Llora, baja la mirada y dice, “sí…”.

-¿Pese a los riesgos?

“Sí, porque mis hijos ya están en Estados Unidos, tienen un mes y 15 días y yo sé que están con familia de nosotros y todo, pero es difícil para una madre separarse de sus hijos y sí, pese a todos los riesgos lo volvería a intentar, la esperanza es lo último que se pierde”.

-¿Qué mensaje le envías a tus hijos? Llora desconsolada por cinco segundos.

“Pues… ese es otro problema. Mi hijo tiene 11 años, se llama Félix y él es una persona que se preocupa mucho por nosotros y él en el momento en el que le dijimos que no nos habían dado la visa, él ya veía reportajes de cómo morían los indocumentados en el desierto, en el río, y el día que le dijimos que no nos habían dado la visa, entonces nos dijo ‘mamá, ¿entonces cómo le van hacer?, ¿van a cruzar la frontera así?’, yo le dije, ‘ay hijo no te preocupes todo va estar bien’ y él me dijo ‘mamá es que si la cruzan así, los van a matar, no los voy a volver a ver…’”.

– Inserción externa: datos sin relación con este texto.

(* Let $X,Y$ be arbitrary real-valued random variables on an atomless probability space (no integrability assumed). Let $(X^{\rm co},Y^{\rm co})$ be a comonotonic version of $(X,Y)$ and $(X^{\rm ct},Y^{\rm ct})$ a counter-monotonic version of $(X,Y)$. Then $$X^{\rm ct}+Y^{\rm ct}\le_{\rm cx} X+Y\le_{\rm cx} X^{\rm co}+Y^{\rm co}.$$
   Context: An expectation $\mathbb E[Z]$ is well-defined if $\mathbb E[\max\{Z,0\}]<\infty$ or $\mathbb E[\max\{-Z,0\}]<\infty$. We write $U\le_{\rm cx}V$ if $\mathbb E[u(U)]\le\mathbb E[u(V)]$ for all convex $u:\mathbb R\to\mathbb R$ such that both expectations are well-defined. A pair $(X,Y)$ is comonotonic if $X=f(Z)$ and $Y=g(Z)$ a.s. for some random variable $Z$ and increasing functions $f,g$; it is counter-monotonic if $(X,-Y)$ is comonotonic. A comonotonic (resp. counter-monotonic) version of $(X,Y)$ is a comonotonic (resp. counter-monotonic) pair $(X',Y')$ with $X'$ equal in distribution to $X$ and $Y'$ equal in distribution to $Y$. *)

theory Defs
  imports "HOL-Probability.Probability"
begin

definition atomless :: "'a measure \<Rightarrow> bool" where
  "atomless M \<longleftrightarrow> (\<forall>A\<in>sets M. measure M A > 0 \<longrightarrow>
      (\<exists>B\<in>sets M. B \<subseteq> A \<and> 0 < measure M B \<and> measure M B < measure M A))"

definition exp_well_defined :: "'a measure \<Rightarrow> ('a \<Rightarrow> real) \<Rightarrow> bool" where
  "exp_well_defined M Z \<longleftrightarrow>
     (\<integral>\<^sup>+ w. ennreal (max (Z w) 0) \<partial>M) < \<infinity> \<or> (\<integral>\<^sup>+ w. ennreal (max (- Z w) 0) \<partial>M) < \<infinity>"

definition ext_expectation :: "'a measure \<Rightarrow> ('a \<Rightarrow> real) \<Rightarrow> ereal" where
  "ext_expectation M Z =
     enn2ereal (\<integral>\<^sup>+ w. ennreal (max (Z w) 0) \<partial>M) - enn2ereal (\<integral>\<^sup>+ w. ennreal (max (- Z w) 0) \<partial>M)"

definition cx_le :: "'a measure \<Rightarrow> ('a \<Rightarrow> real) \<Rightarrow> 'b measure \<Rightarrow> ('b \<Rightarrow> real) \<Rightarrow> bool" where
  "cx_le M U N V \<longleftrightarrow> (\<forall>u::real \<Rightarrow> real. convex_on UNIV u \<longrightarrow>
      exp_well_defined M (\<lambda>w. u (U w)) \<longrightarrow> exp_well_defined N (\<lambda>w. u (V w)) \<longrightarrow>
      ext_expectation M (\<lambda>w. u (U w)) \<le> ext_expectation N (\<lambda>w. u (V w)))"

definition comonotonic :: "'a measure \<Rightarrow> ('a \<Rightarrow> real) \<Rightarrow> ('a \<Rightarrow> real) \<Rightarrow> bool" where
  "comonotonic M X Y \<longleftrightarrow> (\<exists>(Z::'a \<Rightarrow> real) (f::real \<Rightarrow> real) (g::real \<Rightarrow> real).
      Z \<in> borel_measurable M \<and> mono f \<and> mono g \<and>
      (AE w in M. X w = f (Z w) \<and> Y w = g (Z w)))"

definition counter_monotonic :: "'a measure \<Rightarrow> ('a \<Rightarrow> real) \<Rightarrow> ('a \<Rightarrow> real) \<Rightarrow> bool" where
  "counter_monotonic M X Y \<longleftrightarrow> comonotonic M X (\<lambda>w. - Y w)"

definition comonotonic_version ::
  "'a measure \<Rightarrow> ('a \<Rightarrow> real) \<Rightarrow> ('a \<Rightarrow> real) \<Rightarrow> ('a \<Rightarrow> real) \<Rightarrow> ('a \<Rightarrow> real) \<Rightarrow> bool" where
  "comonotonic_version M X Y X' Y' \<longleftrightarrow>
     X' \<in> borel_measurable M \<and> Y' \<in> borel_measurable M \<and> comonotonic M X' Y' \<and>
     distr M borel X' = distr M borel X \<and> distr M borel Y' = distr M borel Y"

definition counter_monotonic_version ::
  "'a measure \<Rightarrow> ('a \<Rightarrow> real) \<Rightarrow> ('a \<Rightarrow> real) \<Rightarrow> ('a \<Rightarrow> real) \<Rightarrow> ('a \<Rightarrow> real) \<Rightarrow> bool" where
  "counter_monotonic_version M X Y X' Y' \<longleftrightarrow>
     X' \<in> borel_measurable M \<and> Y' \<in> borel_measurable M \<and> counter_monotonic M X' Y' \<and>
     distr M borel X' = distr M borel X \<and> distr M borel Y' = distr M borel Y"

end

theory Submission
  imports Defs
begin

text \<open>By Fubini, the stop-loss transform of a sum is an integral of joint tail probabilities,
  \<open>E[(X + Y - d)\<^sup>+] = \<integral> P(X > t, Y \<ge> d - t) dt\<close>. Among couplings with given marginals the
  comonotonic one maximises and the counter-monotonic one minimises every such joint tail
  probability (Frechet-Hoeffding bounds), since the relevant events are then nested, respectively
  disjoint or covering. Applied to \<open>(X, Y)\<close> and to \<open>(-X, -Y)\<close>, this orders both tails of the
  sums in stop-loss order, and stop-loss order in both tails implies convex order even without
  integrability: a convex function with a minimum splits into a nondecreasing and a
  nonincreasing part, each an increasing limit of nonnegative combinations of hinges
  \<open>(x - k)\<^sup>+\<close> (Fatou's lemma), and an arbitrary convex function is a decreasing limit of
  such functions truncated from below.\<close>

section \<open>Convex functions on the real line\<close>

lemma convex_on_secant_extrapolation_le:
  fixes w :: "real \<Rightarrow> real"
  assumes "convex_on I w" and "a \<in> I" "x \<in> I" and "a < b" "b \<le> x"
  shows "w b + (w b - w a) / (b - a) * (x - b) \<le> w x"
proof (cases "b = x")
  case False
  with assms have "b < x" by simp
  have "(w a - w b) / (a - b) \<le> (w b - w x) / (b - x)"
    using convex_on_slope_le[OF assms(1-3), of b] assms \<open>b < x\<close> by linarith
  then have "(w b - w a) / (b - a) \<le> (w x - w b) / (x - b)"
    by (metis minus_diff_eq minus_divide_divide)
  with \<open>b < x\<close> show ?thesis
    by (simp add: pos_le_divide_eq)
qed simp

lemma convex_on_mono_on_from_minimizer:
  fixes u :: "real \<Rightarrow> real"
  assumes "convex_on UNIV u" and "\<And>x. u c \<le> u x"
  shows "mono_on {c..} u"
proof (rule mono_onI)
  fix p q assume "p \<in> {c..}" "q \<in> {c..}" "p \<le> q"
  show "u p \<le> u q"
  proof (cases "p = c")
    case False
    with \<open>p \<in> {c..}\<close> have "c < p" by simp
    have "0 \<le> (u p - u c) / (p - c) * (q - p)"
      using assms(2)[of p] \<open>c < p\<close> \<open>p \<le> q\<close> by simp
    then show ?thesis
      using convex_on_secant_extrapolation_le[OF assms(1) _ _ \<open>c < p\<close> \<open>p \<le> q\<close>] by simp
  qed (use assms(2) in simp)
qed

lemma convex_on_max:
  fixes f g :: "'a::real_vector \<Rightarrow> real"
  assumes "convex_on A f" and "convex_on A g"
  shows "convex_on A (\<lambda>x. max (f x) (g x))"
proof (rule convex_onI)
  fix t :: real and x y assume "0 < t" "t < 1" "x \<in> A" "y \<in> A"
  moreover have "(1 - t) * f x \<le> (1 - t) * max (f x) (g x)" "(1 - t) * g x \<le> (1 - t) * max (f x) (g x)"
    "t * f y \<le> t * max (f y) (g y)" "t * g y \<le> t * max (f y) (g y)"
    using \<open>0 < t\<close> \<open>t < 1\<close> by (simp_all add: mult_left_mono)
  moreover have "f ((1 - t) *\<^sub>R x + t *\<^sub>R y) \<le> (1 - t) * f x + t * f y"
    "g ((1 - t) *\<^sub>R x + t *\<^sub>R y) \<le> (1 - t) * g x + t * g y"
    using convex_onD[OF assms(1), of t x y] convex_onD[OF assms(2), of t x y] calculation by simp_all
  ultimately show "max (f ((1 - t) *\<^sub>R x + t *\<^sub>R y)) (g ((1 - t) *\<^sub>R x + t *\<^sub>R y))
      \<le> (1 - t) * max (f x) (g x) + t * max (f y) (g y)"
    by (simp only: max.bounded_iff) linarith
qed (use assms convex_on_imp_convex in blast)

lemma convex_on_reflect:
  fixes u :: "real \<Rightarrow> real"
  assumes "convex_on UNIV u"
  shows "convex_on UNIV (\<lambda>y. u (- y))"
proof (rule convex_onI)
  fix t x y :: real assume "0 < t" "t < 1"
  then show "u (- ((1 - t) *\<^sub>R x + t *\<^sub>R y)) \<le> (1 - t) * u (- x) + t * u (- y)"
    using convex_onD[OF assms, of t "- x" "- y"] by (simp add: algebra_simps)
qed simp

lemma convex_on_clamp_at_minimizer:
  fixes u :: "real \<Rightarrow> real"
  assumes "convex_on UNIV u" and "\<And>x. u c \<le> u x"
  shows "convex_on UNIV (\<lambda>x. u (max x c))"
proof (rule convex_onI)
  fix t x y :: real assume t: "0 < t" "t < 1"
  define p where "p = (1 - t) * max x c + t * max y c"
  have "(1 - t) * x \<le> (1 - t) * max x c" "t * y \<le> t * max y c"
    "(1 - t) * c \<le> (1 - t) * max x c" "t * c \<le> t * max y c"
    using t by (simp_all add: mult_left_mono)
  moreover have "c = (1 - t) * c + t * c"
    by (simp add: algebra_simps)
  ultimately have "max ((1 - t) * x + t * y) c \<le> p"
    unfolding p_def max.bounded_iff by linarith
  then have "u (max ((1 - t) * x + t * y) c) \<le> u p"
    by (intro mono_onD[OF convex_on_mono_on_from_minimizer[OF assms]]) auto
  also have "u p \<le> (1 - t) * u (max x c) + t * u (max y c)"
    unfolding p_def using convex_onD[OF assms(1), of t "max x c" "max y c"] t by simp
  finally show "u (max ((1 - t) *\<^sub>R x + t *\<^sub>R y) c) \<le> (1 - t) * u (max x c) + t * u (max y c)"
    by simp
qed simp

section \<open>Approximation by hinge functions\<close>

locale hinge_approximation =
  fixes w :: "real \<Rightarrow> real" and c h :: real
  assumes convex: "convex_on UNIV w" and mono: "mono w"
    and vanishes: "\<And>x. x \<le> c \<Longrightarrow> w x = 0" and step_pos: "0 < h"
begin

definition knot :: "nat \<Rightarrow> real" where
  "knot j = c + real j * h"

definition slope :: "nat \<Rightarrow> real" where
  "slope i = (w (knot (Suc i)) - w (knot i)) / h"

definition weight :: "nat \<Rightarrow> real" where
  "weight i = (if i = 0 then slope 0 else slope i - slope (i - 1))"

text \<open>The polygon with slope \<open>slope i\<close> on \<open>[knot (i + 1), knot (i + 2)]\<close>: the secant
  interpolation of \<open>w\<close> on the grid shifted one step to the right, hence a minorant of \<open>w\<close>.\<close>
definition approx :: "nat \<Rightarrow> real \<Rightarrow> real" where
  "approx N x = (\<Sum>i<N. weight i * max (x - knot (Suc i)) 0)"

lemma nonneg: "0 \<le> w x"
  using monoD[OF mono, of c "max x c"] vanishes[of c] vanishes[of x] by (cases "x \<le> c") auto

lemma knot_Suc: "knot (Suc i) = knot i + h"
  by (simp add: knot_def algebra_simps)

lemma slope_nonneg: "0 \<le> slope i"
  unfolding slope_def using step_pos monoD[OF mono, of "knot i" "knot (Suc i)"] by (simp add: knot_Suc)

lemma slope_Suc_ge: "slope i \<le> slope (Suc i)"
  using convex_on_secant_extrapolation_le[OF convex, of "knot i" "knot (Suc (Suc i))" "knot (Suc i)"]
    step_pos
  by (simp add: slope_def knot_Suc field_simps)

lemma weight_nonneg: "0 \<le> weight i"
  unfolding weight_def using slope_nonneg slope_Suc_ge[of "i - 1"] by (cases i) auto

lemma sum_weight_linear:
  "(\<Sum>i<Suc m. weight i * (x - knot (Suc i))) = slope m * (x - knot (Suc m)) + w (knot m)"
proof (induction m)
  case 0
  then show ?case
    using vanishes[of c] by (simp add: weight_def knot_def)
next
  case (Suc m)
  then have "(\<Sum>i<Suc (Suc m). weight i * (x - knot (Suc i))) =
      slope (Suc m) * (x - knot (Suc (Suc m))) + (slope m * h + w (knot m))"
    by (simp add: weight_def knot_Suc algebra_simps)
  also have "slope m * h + w (knot m) = w (knot (Suc m))"
    unfolding slope_def using step_pos by simp
  finally show ?case .
qed

definition index :: "real \<Rightarrow> nat" where
  "index x = nat \<lfloor>(x - c) / h\<rfloor>"

lemma knot_le_if_less_index:
  assumes "i < index x"
  shows "knot (Suc i) \<le> x"
proof -
  from assms have "of_int (int (Suc i)) \<le> (x - c) / h"
    unfolding index_def by (simp only: le_floor_iff[symmetric])
  then show ?thesis
    unfolding knot_def using step_pos by (simp add: field_simps)
qed

lemma less_knot_if_index_le: "index x \<le> i \<Longrightarrow> x < knot (Suc i)"
  unfolding index_def knot_def using step_pos
  by (simp add: nat_le_iff floor_le_iff field_simps flip: of_nat_Suc)

lemma approx_eq: "approx N x = (\<Sum>i<min N (index x). weight i * (x - knot (Suc i)))"
proof -
  have "approx N x = (\<Sum>i<min N (index x). weight i * max (x - knot (Suc i)) 0)"
    unfolding approx_def
  proof (intro sum.mono_neutral_right ballI)
    fix i assume "i \<in> {..<N} - {..<min N (index x)}"
    then have "index x \<le> i"
      by auto
    then show "weight i * max (x - knot (Suc i)) 0 = 0"
      using less_knot_if_index_le[of x i] by simp
  qed auto
  also have "\<dots> = (\<Sum>i<min N (index x). weight i * (x - knot (Suc i)))"
    by (intro sum.cong refl) (auto dest!: knot_le_if_less_index)
  finally show ?thesis .
qed

lemma approx_le: "approx N x \<le> w x"
proof (cases "min N (index x)")
  case 0
  then show ?thesis using approx_eq[of N x] nonneg by simp
next
  case (Suc m)
  then have "knot (Suc m) \<le> x"
    by (intro knot_le_if_less_index) simp
  have "approx N x = slope m * (x - knot (Suc m)) + w (knot m)"
    using approx_eq[of N x] Suc sum_weight_linear by simp
  also have "\<dots> \<le> slope m * (x - knot (Suc m)) + w (knot (Suc m))"
    using monoD[OF mono, of "knot m" "knot (Suc m)"] step_pos by (simp add: knot_Suc)
  also have "\<dots> \<le> w x"
    using convex_on_secant_extrapolation_le[OF convex, of "knot m" x "knot (Suc m)"]
      \<open>knot (Suc m) \<le> x\<close> step_pos
    by (simp add: knot_Suc slope_def algebra_simps)
  finally show ?thesis .
qed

Félix continúa esperando a sus padres en Chicago. Su familia le hizo creer que mamá y papá había ido por segunda vez a la embajada de Estados Unidos logrando conseguir la visa. Al término de la entrevista, Victoria y Ricardo confesaron que al día siguiente cruzarían de nuevo por el desierto de Arizona.

Días después, la prensa local de Nogales reportó el hallazgo de un grupo de indocumentados muertos, entre ellos dos mujeres y siete hombres.

México es de terror para cualquier migrante

Es delgado, alto. Tiene la piel amarillenta y cabellos alborotados en la barbilla. Se hace llamar Alberto y llegó al Albergue Juan Bosco de Nogales sorteando delincuentes y pandilleros. Los “Maras Salvatrucha” fueron su primer enemigo a vencer. En México fueron grupos delincuenciales, y en Estados Unidos “la migra”, quienes terminaron con su sueño americano. “Yo vengo de muy lejos, vengo de Centroamérica, para nosotros está bien crítico porque hay algo que está pasando en el sur de México del lado de Tabasco y del lado de Chiapas y más en Veracruz, donde están llegando las pandillas que están poniendo en peligro la vida de todas las personas, todo aquel que vaya sin guía lo bajan a tubazos del tren así en marcha”, cuenta el migrante.

Según cifras oficiales de Honduras, alrededor de 700 migrantes intentan cada día cruzar a Estados Unidos de América. El 90% lo hace como Alberto, pasando por el sur de México donde los verdugos hacen de su travesía un verdadero viacrucis que comienzan con el tren carguero mejor conocido como “La Bestia”.

Es la tercera vez que Alberto intenta cruzar la frontera mexicana. Esta vez lo hizo por Sonora, después de darse cuenta que por Tamaulipas era el camino seguro hacia la muerte . “Por allá es más complicado y el blanco número uno es el centroamericano”, advierte el señor de 43 años.

Según cifras de la Organización Internacional para las Migraciones, cada año pasan alrededor de 400 mil indocumentados centroamericanos por territorio mexicano para llegar a Estados Unidos. En el trayecto sufren con frecuencia “vejaciones, maltratos, discriminación y abusos”, señala el informe del año pasado.